Harsha charges Central Bank is negligent

Friday, 13 September 2013 03:33 -     - {{hitsCtrl.values.hits}}

  • Says no point in a regulator if there is no responsibility after registering companies as safe to deposit
By Dharisha Bastians The collapse of financial institutions every other year is a damning indictment on the banking regulator, the main opposition United National Party charged yesterday, slamming the Central Bank for misleading innocent depositors after another registered finance company was declared to be in trouble recently. Some 6,000 depositors have been left high and dry after it was found that Central Investments and Finance PLC (CIFL) was in deep financial trouble. “If the Central Bank is the regulator and continues to register such companies as safe for public deposits, there is no justification for them to throw their hands up and declare they can’t do anything about it now,” UNP National List Legislator and Economist Dr. Harsha De Silva. De Silva said that if Sri Lankan financial institutions were failing, the supervisory authority was neglecting its duty. “Otherwise, for what earthly purpose is there a regulator of banks?” an irate De Silva demanded. The Central Bank had learnt no lessons from the Sakvithi and Golden Key catastrophes, the UNP Parliamentarian said, charging that promised legislation to prevent public deposits being jeopardised were being relegated to the bookshelves. He said that the banking regulator had now come up with a rescue scheme for troubled financial institutions, but the last time the Central Bank had undertaken the restructuring of finance companies, it had been an unmitigated disaster. “The Finance Company was taken over by the Central Bank for ‘restructuring’. In 2012 it turned a marginal profit of Rs. 15 million.
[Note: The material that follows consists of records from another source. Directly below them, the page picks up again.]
(* Let $\lambda>0$ with $\lambda\neq 1$ and $\mu=1/\lambda$, and let $A\in M_3\otimes M_3$ be the $9\times 9$ matrix (written as a $3\times 3$ block matrix with $3\times 3$ blocks) $$A=\left(\begin{array}{ccc|ccc|ccc} 1&0&0&0&1&0&0&0&1\\ 0&\lambda^2&0&1&0&0&0&0&0\\ 0&0&\mu^2&0&0&0&1&0&0\\ \hline 0&1&0&\mu^2&0&0&0&0&0\\ 1&0&0&0&1&0&0&0&1\\ 0&0&0&0&0&\lambda^2&0&1&0\\ \hline 0&0&1&0&0&0&\lambda^2&0&0\\ 0&0&0&0&0&1&0&\mu^2&0\\ 1&0&0&0&1&0&0&0&1 \end{array}\right).$$ Then $A\in\mathbb{T}\setminus\mathbb{V}_1$ (i.e. $A$ is, up to normalization, an entangled state with positive partial transpose), and $A$ generates an extreme ray of the cone $\mathbb{T}$: whenever $A=B+C$ with $B,C\in\mathbb{T}$, both $B$ and $C$ are nonnegative scalar multiples of $A$.
   Context: Identify $M_3\otimes M_3$ with $3\times 3$ block matrices $A=\sum_{i,j=1}^3 a_{ij}\otimes e_{ij}$ with blocks $a_{ij}\in M_3$; the partial transpose is $A^\tau=\sum_{i,j}a_{ji}\otimes e_{ij}$. $\mathbb{T}$ is the cone of $A\in M_3\otimes M_3$ such that both $A$ and $A^\tau$ are positive semi-definite. For $z\in M_3$ with rows $z_1,z_2,z_3\in\mathbb C^3$ (as column vectors), $\tilde z\tilde z^*$ denotes the block matrix whose $(i,j)$ block is $z_iz_j^*$; $\mathbb{V}_1$ is the convex cone generated by $\{\tilde z\tilde z^*:\operatorname{rank} z\le 1\}$. *)

theory Defs
  imports "HOL-Analysis.Analysis"
begin

text \<open>M_3 is complex^3^3; M_3 (x) M_3 is complex^(3*3)^(3*3), the row/column index
 (i,k) meaning block i, position k inside the block. So A $ (i,k) $ (j,l) is the
 (k,l) entry of the block a_ij.\<close>

type_synonym bmat = "complex^(3 \<times> 3)^(3 \<times> 3)"

definition hermitian_mat :: "complex^'n^'n \<Rightarrow> bool" where
  "hermitian_mat M \<longleftrightarrow> (\<forall>r c. M $ r $ c = cnj (M $ c $ r))"

definition psd :: "complex^'n^'n \<Rightarrow> bool" where
  "psd M \<longleftrightarrow> hermitian_mat M \<and>
     (\<forall>x :: complex^'n. 0 \<le> Re (\<Sum>r\<in>UNIV. \<Sum>c\<in>UNIV. cnj (x $ r) * M $ r $ c * x $ c))"

text \<open>Partial transpose: the (i,j) block of A^tau is a_ji.\<close>
definition ptrans :: "bmat \<Rightarrow> bmat" where
  "ptrans A = (\<chi> p q. A $ (fst q, snd p) $ (fst p, snd q))"

definition coneT :: "bmat set" where
  "coneT = {A. psd A \<and> psd (ptrans A)}"

text \<open>z-tilde z-tilde^*: the (i,j) block is z_i z_j^*, z_i the i-th row of z.\<close>
definition ztilde_outer :: "complex^3^3 \<Rightarrow> bmat" where
  "ztilde_outer z = (\<chi> p q. z $ fst p $ snd p * cnj (z $ fst q $ snd q))"

definition coneV1 :: "bmat set" where
  "coneV1 = convex_cone hull {ztilde_outer z | z. rank z \<le> 1}"

definition idx3 :: "3 \<Rightarrow> nat" where
  "idx3 i = (if i = 0 then 0 else if i = 1 then 1 else 2)"

definition Aentries :: "real \<Rightarrow> real list list" where
  "Aentries lam = (let mu = 1 / lam; a = lam^2; b = mu^2 in
    [[1,0,0, 0,1,0, 0,0,1],
     [0,a,0, 1,0,0, 0,0,0],
     [0,0,b, 0,0,0, 1,0,0],
     [0,1,0, b,0,0, 0,0,0],
     [1,0,0, 0,1,0, 0,0,1],
     [0,0,0, 0,0,a, 0,1,0],
     [0,0,1, 0,0,0, a,0,0],
     [0,0,0, 0,0,1, 0,b,0],
     [1,0,0, 0,1,0, 0,0,1]])"

definition Amat :: "real \<Rightarrow> bmat" where
  "Amat lam = (\<chi> p q. complex_of_real
     (Aentries lam ! (3 * idx3 (fst p) + idx3 (snd p)) ! (3 * idx3 (fst q) + idx3 (snd q))))"

end

(*
  A = \<Sum> w w\<^sup>* over w = e00 + e11 + e22 and the three vectors w = \<lambda> e_p + \<lambda>\<^sup>-\<^sup>1 e_q with
  (p, q) = ((0,1), (1,0)), ((2,0), (0,2)), ((1,2), (2,1)), and A is its own partial transpose,
  so A \<in> T.
  If A = B + C with B, C \<in> T, then B and B\<^sup>\<tau> vanish on the kernel of A = A\<^sup>\<tau>, which is
  spanned by five explicit vectors. On B these conditions leave only the 4 x 4 block of entries
  indexed by (0,0), (1,0), (0,2), (2,1). On B\<^sup>\<tau> they give, for each off-diagonal entry w of
  that block, either w = \<lambda>\<^sup>6 cnj w, so w = 0 because \<lambda>\<^sup>6 \<noteq> 1, or w = \<lambda>\<^sup>4 w' for such an
  entry w'. They also make the diagonal of the block proportional to that of A. Hence B is a
  nonnegative multiple of A, i.e. A spans an extreme ray of T.
  The generators of V\<^sub>1 lie in T but off this ray, because a rank-one matrix cannot have the
  2 x 2 minor pattern of A at (0,0), (0,1). The elements of T off an extreme ray form a convex
  cone, so A \<notin> V\<^sub>1.
*)

theory Submission
  imports Defs
begin

section \<open>Sesquilinear forms and positive semi-definite matrices\<close>

definition sesq :: "complex^'n^'n \<Rightarrow> complex^'n \<Rightarrow> complex^'n \<Rightarrow> complex" where
  "sesq M x y = (\<Sum>r\<in>UNIV. cnj (x $ r) * (M *v y) $ r)"

lemma psd_iff_sesq: "psd M \<longleftrightarrow> hermitian_mat M \<and> (\<forall>x. 0 \<le> Re (sesq M x x))"
  by (simp add: psd_def sesq_def matrix_vector_mult_def sum_distrib_left mult.assoc)

lemma sesq_add_left [simp]: "sesq M (x + y) z = sesq M x z + sesq M y z"
  by (simp add: sesq_def sum.distrib algebra_simps)

lemma sesq_add_right [simp]: "sesq M x (y + z) = sesq M x y + sesq M x z"
  by (simp add: sesq_def sum.distrib algebra_simps)

lemma sesq_scale_left [simp]: "sesq M (c *s x) y = cnj c * sesq M x y"
  by (simp add: sesq_def sum_distrib_left mult.assoc)

lemma sesq_scale_right [simp]: "sesq M x (c *s y) = c * sesq M x y"
  by (simp add: sesq_def matrix_vector_mult_def sum_distrib_left algebra_simps)

lemma sesq_add_matrix: "sesq (M + N) x y = sesq M x y + sesq N x y"
  by (simp add: sesq_def matrix_vector_mult_add_rdistrib sum.distrib algebra_simps)

lemma sesq_axis_left: "sesq M (axis r 1) y = (M *v y) $ r"
proof -
  have "sesq M (axis r 1) y = (\<Sum>s\<in>UNIV. if s = r then (M *v y) $ s else 0)"
    unfolding sesq_def by (intro sum.cong) (auto simp: axis_def)
  then show ?thesis by simp
qed

lemma matrix_vector_mult_axis: "(M *v axis q 1) $ p = M $ p $ q"
proof -
  have "(M *v axis q 1) $ p = (\<Sum>j\<in>UNIV. if j = q then M $ p $ j else 0)"
    unfolding matrix_vector_mult_def vec_lambda_beta by (intro sum.cong) (auto simp: axis_def)
  then show ?thesis by simp
qed

lemma hermitian_matD: "hermitian_mat M \<Longrightarrow> M $ p $ q = cnj (M $ q $ p)"
  unfolding hermitian_mat_def by blast

lemma hermitian_sesq_swap:
  assumes "hermitian_mat M" shows "sesq M x y = cnj (sesq M y x)"
proof -
  have "sesq M x y = (\<Sum>r\<in>UNIV. \<Sum>c\<in>UNIV. cnj (x $ r) * M $ r $ c * y $ c)"
    by (simp add: sesq_def matrix_vector_mult_def sum_distrib_left mult.assoc)
  also have "\<dots> = (\<Sum>r\<in>UNIV. \<Sum>c\<in>UNIV. cnj (x $ r) * cnj (M $ c $ r) * y $ c)"
    using hermitian_matD[OF assms] by (intro sum.cong refl) metis
  also have "\<dots> = (\<Sum>c\<in>UNIV. \<Sum>r\<in>UNIV. cnj (x $ r) * cnj (M $ c $ r) * y $ c)"
    by (rule sum.swap)
  also have "\<dots> = cnj (sesq M y x)"
    by (simp add: sesq_def matrix_vector_mult_def sum_distrib_left ac_simps)
  finally show ?thesis .
qed

lemma nonneg_quadratic_imp_linear_coeff_zero:
  fixes b c :: real
  assumes "\<And>t. 0 \<le> b * t + c * t\<^sup>2"
  shows "b = 0"
proof (rule ccontr)
  assume "b \<noteq> 0"
  define k where "k = \<bar>c\<bar> + 1"
  have "k > 0" "c - k < 0" by (auto simp: k_def)
  have "b * (- b / k) + c * (- b / k)\<^sup>2 = b\<^sup>2 / k\<^sup>2 * (c - k)"
    using \<open>k > 0\<close> by (simp add: field_simps power2_eq_square)
  also have "\<dots> < 0"
    using \<open>b \<noteq> 0\<close> \<open>k > 0\<close> \<open>c - k < 0\<close> by (intro mult_pos_neg) auto
  finally show False using assms[of "- b / k"] by linarith
qed

lemma psd_sesq_eq_0_imp_kernel:
  assumes "psd M" and "Re (sesq M v v) = 0"
  shows "M *v v = 0"
proof -
  have herm: "hermitian_mat M" and nonneg: "\<And>x. 0 \<le> Re (sesq M x x)"
    using assms(1) by (auto simp: psd_iff_sesq)
  have Re_0: "Re (sesq M w v) = 0" for w
  proof -
    have "2 * Re (sesq M w v) = 0"
    proof (rule nonneg_quadratic_imp_linear_coeff_zero)
      fix t :: real
      have "sesq M (v + of_real t *s w) (v + of_real t *s w)
          = sesq M v v + of_real t * (sesq M w v + cnj (sesq M w v)) + of_real (t\<^sup>2) * sesq M w w"
        using hermitian_sesq_swap[OF herm, of v w] by (simp add: algebra_simps power2_eq_square)
      then show "0 \<le> 2 * Re (sesq M w v) * t + Re (sesq M w w) * t\<^sup>2"
        using nonneg[of "v + of_real t *s w"] assms(2) by (simp add: algebra_simps)
    qed
    then show ?thesis by simp
  qed
  have "sesq M w v = 0" for w
    using Re_0[of w] Re_0[of "\<i> *s w"] by (simp add: complex_eq_iff)
  then show ?thesis
    by (simp add: vec_eq_iff flip: sesq_axis_left)
qed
By March 2013, it had made a loss of Rs. 1.5 billion under a Central Bank-appointed Management Board,” De Silva charged. Citing the Central Bank’s Strategic Plan for 2010-2014, De Silva said specific mention had been made of steps to be taken to regulate non-banking financial institutions. A key goal in that plan was to “make the market and the public aware” of companies in trouble, De Silva noted. “According to this strategic plan, the list of troubled companies was to be published every quarter by the Central Bank – this has been confined to paper,” the UNP MP said. De Silva charged that the Central Bank was being negligent by allowing fraudsters and confidence tricksters to play out innocent depositors of their lifesavings. “Somebody has to take responsibility – if the Central Bank is registering these companies, who’s to blame?” he charged.